Since our end goal is to develop a tool for explainable personalized insights into antidepressant recommendations we were primarily interested in causal paths and discovering (conditional) dependence relations among patient characteristics, treatment choices and outcomes. Hence, we have chosen to perform a Bayesian network (BN) analysis instead of a partial correlation network analysis or Markov random field analysis18. The final BN, the found dependencies and predictions for hypothetical patients were compared to expert opinion to assess the potential of the model for future implementation in a tool for clinical decision support.


Main units of analysis

Main units of analysis were first-time inpatient antidepressant treatment trajectories at participating mental health care facilities; consecutive prescriptions for one type of antidepressant were viewed as a single treatment trajectory.

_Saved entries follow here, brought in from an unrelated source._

lemma rees_poly_single: "rees_poly m a b (single \<mu> c) = single (rees_mon m a b \<mu>) c"
  by (cases "c = 0") (simp_all add: rees_poly_def)

lemma rees_poly_diff: "rees_poly m a b (p - q) = rees_poly m a b p - rees_poly m a b q"
  using rees_poly_add[of m a b "p - q" q] by (simp add: eq_diff_eq)

lemma lookup_rees_poly:
  "lookup (rees_poly m a b f) \<theta> = (\<Sum>\<mu>\<in>keys f. if rees_mon m a b \<mu> = \<theta> then lookup f \<mu> else 0)"
  by (simp add: rees_poly_def lookup_sum lookup_single when_def)

lemma update_eq_add_single:
  "k \<notin> keys f \<Longrightarrow> Poly_Mapping.update k v f = f + single k v"
  by (rule poly_mapping_eqI) (auto simp: lookup_update lookup_add lookup_single when_def in_keys_iff)

lemma rees_poly_single_mult:
  "rees_poly m a b (single \<mu> c * q) = single (rees_mon m a b \<mu>) c * rees_poly m a b (q::'k::comm_ring_1 mpoly)"
proof (induction q rule: update_induct)
  case (update f k v)
  then show ?case
    by (simp add: update_eq_add_single distrib_left rees_poly_add mult_single rees_poly_single rees_mon_add)
qed simp

lemma rees_poly_mult:
  "rees_poly m a b (p * q) = rees_poly m a b p * rees_poly m a b (q::'k::comm_ring_1 mpoly)"
proof (induction p rule: update_induct)
  case (update f k v)
  then show ?case
    by (simp add: update_eq_add_single distrib_right rees_poly_add rees_poly_single_mult rees_poly_single)
qed simp

definition S_mon :: "nat \<Rightarrow> mon \<Rightarrow> bool" where
  "S_mon m \<mu> \<longleftrightarrow> (\<forall>v\<in>keys \<mu>. valid_var m v)"

lemma S_ring_iff_S_mon: "f \<in> S_ring m \<longleftrightarrow> (\<forall>\<mu>\<in>keys f. S_mon m \<mu>)"
  unfolding S_ring_def S_mon_def by simp

lemma S_mon_add: "S_mon m \<mu> \<Longrightarrow> S_mon m \<nu> \<Longrightarrow> S_mon m (\<mu> + \<nu>)"
  unfolding S_mon_def using keys_add[of \<mu> \<nu>] by blast

lemma S_mon_diff: "S_mon m \<mu> \<Longrightarrow> S_mon m (\<mu> - \<nu>)"
  unfolding S_mon_def by (auto simp: in_keys_iff lookup_minus)

lemma S_mon_lookup_eq_0: "S_mon m \<mu> \<Longrightarrow> \<not> valid_var m v \<Longrightarrow> lookup \<mu> v = 0"
  unfolding S_mon_def by (auto simp: in_keys_iff)

lemma S_mon_keys_subset: "S_mon m \<mu> \<Longrightarrow> keys \<mu> \<subseteq> TV ` {1..m} \<union> XV ` {1..m+1}"
  unfolding S_mon_def by (auto elim!: valid_var.elims)

lemma lookup_tmon: "lookup (tmon m e) v = (case v of TV k \<Rightarrow> if k \<in> {1..m} then e k else 0 | _ \<Rightarrow> 0)"
  by (cases v) (simp_all add: tmon_def lookup_sum lookup_single when_def)

lemma tmon_cong: "(\<And>k. k \<in> {1..m} \<Longrightarrow> e k = e' k) \<Longrightarrow> tmon m e = tmon m e'"
  unfolding tmon_def by (rule sum.cong) auto

lemma lookup_rees_mon:
  assumes "S_mon m \<mu>"
  shows "lookup (rees_mon m a b \<mu>) x = (\<Sum>k\<in>{1..m}. lookup \<mu> (TV k) * lookup (var_mon m a b (TV k)) x)
    + (\<Sum>i\<in>{1..m+1}. lookup \<mu> (XV i) * lookup (var_mon m a b (XV i)) x)"
proof -
  have "lookup (rees_mon m a b \<mu>) x
      = (\<Sum>v\<in>TV ` {1..m} \<union> XV ` {1..m+1}. lookup \<mu> v * lookup (var_mon m a b v) x)"
    using S_mon_keys_subset[OF assms] by (intro lookup_rees_mon_superset) auto
  also have "\<dots> = (\<Sum>v\<in>TV ` {1..m}. lookup \<mu> v * lookup (var_mon m a b v) x)
      + (\<Sum>v\<in>XV ` {1..m+1}. lookup \<mu> v * lookup (var_mon m a b v) x)"
    by (rule sum.union_disjoint) auto
  finally show ?thesis
    by (simp add: sum.reindex inj_on_def)
qed

lemma rees_mon_eq:
  assumes "S_mon m \<mu>"
  shows "rees_mon m a b \<mu>
    = tmon m (\<lambda>k. lookup \<mu> (TV k) + psi_exp m a b \<mu> k) + single ZV (degXW m \<mu>)"
proof (rule poly_mapping_eqI)
  fix x
  show "lookup (rees_mon m a b \<mu>) x
    = lookup (tmon m (\<lambda>k. lookup \<mu> (TV k) + psi_exp m a b \<mu> k) + single ZV (degXW m \<mu>)) x"
  proof (cases x)
    case (TV j)
    then show ?thesis
      by (simp add: lookup_rees_mon[OF assms] lookup_add lookup_tmon lookup_single when_def
          psi_exp_def if_distrib[of "(*) _"] sum.If_cases cong: if_cong)
  next
    case (XV l)
    then show ?thesis
      by (simp add: lookup_rees_mon[OF assms] lookup_add lookup_tmon lookup_single when_def)
  next
    case ZV
    then show ?thesis
      by (simp add: lookup_rees_mon[OF assms] lookup_add lookup_tmon lookup_single when_def degXW_def)
  qed
qed

lemma rees_mon_eq_imp_T_exponent_eq:
  assumes "S_mon m \<mu>" "S_mon m \<nu>" "rees_mon m a b \<mu> = rees_mon m a b \<nu>" "k \<in> {1..m}"
  shows "lookup \<mu> (TV k) + psi_exp m a b \<mu> k = lookup \<nu> (TV k) + psi_exp m a b \<nu> k"
  using arg_cong[OF assms(3), of "\<lambda>\<theta>. lookup \<theta> (TV k)"] assms(4)
  by (simp add: rees_mon_eq[OF assms(1)] rees_mon_eq[OF assms(2)] lookup_add lookup_tmon lookup_single)

lemma rees_mon_eq_imp_degXW_eq:
  assumes "S_mon m \<mu>" "S_mon m \<nu>" "rees_mon m a b \<mu> = rees_mon m a b \<nu>"
  shows "degXW m \<mu> = degXW m \<nu>"
  using arg_cong[OF assms(3), of "\<lambda>\<theta>. lookup \<theta> ZV"]
  by (simp add: rees_mon_eq[OF assms(1)] rees_mon_eq[OF assms(2)] lookup_add lookup_tmon lookup_single)

lemma gen_ideal_zero: "0 \<in> gen_ideal S A"
  unfolding gen_ideal_def by (rule CollectI, rule exI[of _ 0]) simp

lemma gen_ideal_generator_mult: "r \<in> S \<Longrightarrow> g \<in> A \<Longrightarrow> r * g \<in> gen_ideal S A"
  unfolding gen_ideal_def
  by (rule CollectI, rule exI[of _ 1], rule exI[of _ "\<lambda>_. r"], rule exI[of _ "\<lambda>_. g"]) simp

lemma gen_ideal_add:
  assumes "f \<in> gen_ideal S A" "f' \<in> gen_ideal S A"
  shows "f + f' \<in> gen_ideal S A"
proof -
  obtain n :: nat and r g where 1: "\<forall>k<n. r k \<in> S \<and> g k \<in> A" "f = (\<Sum>k<n. r k * g k)"
    using assms(1) unfolding gen_ideal_def by blast
  obtain n' :: nat and r' g' where 2: "\<forall>k<n'. r' k \<in> S \<and> g' k \<in> A" "f' = (\<Sum>k<n'. r' k * g' k)"
    using assms(2) unfolding gen_ideal_def by blast
  define R where "R k = (if k < n then r k else r' (k - n))" for k
  define G where "G k = (if k < n then g k else g' (k - n))" for k
  have "(\<Sum>k<n + n'. R k * G k) = (\<Sum>k<n. R k * G k) + (\<Sum>k<n'. R (k + n) * G (k + n))"
    by (induction n') (simp_all add: ac_simps)
  also have "\<dots> = f + f'"
    unfolding 1(2) 2(2) R_def G_def by simp
  finally have "f + f' = (\<Sum>k<n + n'. R k * G k)" ..
  moreover have "\<forall>k<n + n'. R k \<in> S \<and> G k \<in> A"
    using 1(1) 2(1) unfolding R_def G_def by auto
  ultimately show ?thesis
    unfolding gen_ideal_def by blast
qed

lemma gen_ideal_sum:
  "finite I \<Longrightarrow> (\<And>i. i \<in> I \<Longrightarrow> h i \<in> gen_ideal S A) \<Longrightarrow> sum h I \<in> gen_ideal S A"
  by (induction I rule: finite_induct) (simp_all add: gen_ideal_zero gen_ideal_add)

lemma gen_ideal_mono: "A \<subseteq> A' \<Longrightarrow> gen_ideal S A \<subseteq> gen_ideal S A'"
  unfolding gen_ideal_def by blast

lemma rees_ideal_iff: "f \<in> rees_ideal m a b \<longleftrightarrow> f \<in> S_ring m \<and> rees_poly m a b f = 0"
  by (simp add: rees_ideal_def poly_subst_rees_map)

lemma S_ring_add: "p \<in> S_ring m \<Longrightarrow> q \<in> S_ring m \<Longrightarrow> p + q \<in> S_ring m"
  unfolding S_ring_iff_S_mon using keys_add[of p q] by blast

lemma S_ring_mult: "p \<in> S_ring m \<Longrightarrow> q \<in> S_ring m \<Longrightarrow> p * q \<in> S_ring m"
  unfolding S_ring_iff_S_mon using keys_mult[of p q] S_mon_add by blast

lemma gen_ideal_subset_rees_ideal:
  assumes "A \<subseteq> rees_ideal m a b"
  shows "gen_ideal (S_ring m) A \<subseteq> rees_ideal m a b"
proof
  fix f assume "f \<in> gen_ideal (S_ring m) A"
  then obtain n :: nat and r g where h: "\<forall>k<n. r k \<in> S_ring m \<and> g k \<in> A" "f = (\<Sum>k<n. r k * g k)"
    unfolding gen_ideal_def by blast
  from h(1) have "(\<Sum>k<n. r k * g k) \<in> rees_ideal m a b"
  proof (induction n)
    case 0
    then show ?case by (simp add: rees_ideal_iff S_ring_def)
  next
    case (Suc n)
    then show ?case
      using assms by (auto simp: rees_ideal_iff S_ring_add S_ring_mult rees_poly_add rees_poly_mult)
  qed
  with h(2) show "f \<in> rees_ideal m a b" by simp
qed

section \<open>The binomials \<open>\<P>(M, N)\<close>\<close>

definition XW_mon :: "nat \<Rightarrow> mon \<Rightarrow> bool" where
  "XW_mon m M \<longleftrightarrow> keys M \<subseteq> XV ` {1..m+1}"

definition Pcal_lead :: "nat \<Rightarrow> (nat \<Rightarrow> nat) \<Rightarrow> (nat \<Rightarrow> nat) \<Rightarrow> mon \<Rightarrow> mon \<Rightarrow> mon" where
  "Pcal_lead m a b M N = tmon m (\<lambda>k. psi_exp m a b N k - min (psi_exp m a b M k) (psi_exp m a b N k)) + M"

definition Pcal_trail :: "nat \<Rightarrow> (nat \<Rightarrow> nat) \<Rightarrow> (nat \<Rightarrow> nat) \<Rightarrow> mon \<Rightarrow> mon \<Rightarrow> mon" where
  "Pcal_trail m a b M N = tmon m (\<lambda>k. psi_exp m a b M k - min (psi_exp m a b M k) (psi_exp m a b N k)) + N"

lemma Pcal_eq: "Pcal m a b M N = monom (Pcal_lead m a b M N) - monom (Pcal_trail m a b M N)"
  by (simp add: Pcal_def Pcal_lead_def Pcal_trail_def Let_def)

lemma XW_mon_lookup_eq_0: "XW_mon m M \<Longrightarrow> v \<notin> XV ` {1..m+1} \<Longrightarrow> lookup M v = 0"
  unfolding XW_mon_def by (metis in_keys_iff subsetD)

lemma XW_mon_imp_S_mon: "XW_mon m M \<Longrightarrow> S_mon m M"
  unfolding XW_mon_def S_mon_def by auto

lemma S_mon_tmon: "S_mon m (tmon m e)"
  unfolding S_mon_def by (auto simp: in_keys_iff lookup_tmon split: var.splits if_splits)

lemma S_mon_tmon_add: "XW_mon m M \<Longrightarrow> S_mon m (tmon m e + M)"
  by (rule S_mon_add[OF S_mon_tmon XW_mon_imp_S_mon])

lemma lookup_tmon_add:
  assumes "XW_mon m M"
  shows "lookup (tmon m e + M) v = (case v of TV k \<Rightarrow> if k \<in> {1..m} then e k else 0 | _ \<Rightarrow> lookup M v)"
  using XW_mon_lookup_eq_0[OF assms] by (cases v) (auto simp: lookup_add lookup_tmon)

lemma lookup_tmon_add_XV [simp]: "lookup (tmon m e + M) (XV i) = lookup M (XV i)"
  by (simp add: lookup_add lookup_tmon)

New prescriptions for the same type of antidepressant that started within 30 days after the old prescription were viewed as belonging to the same trajectory.

Antidepressant treatment trajectories between 2014 and 2020 at two mental healthcare facilities involved were included. The first mental healthcare facility, Parnassia Group (PG), provides basic and specialized services for prevention, treatment (inpatient and outpatient), support and care after treatment. The second facility, UMC Utrecht (UMCU), is an academic specialized facility for tertiary care. As PG and UMCU deliver care in different regions in the Netherlands, the probability of overlap in patient populations is negligible.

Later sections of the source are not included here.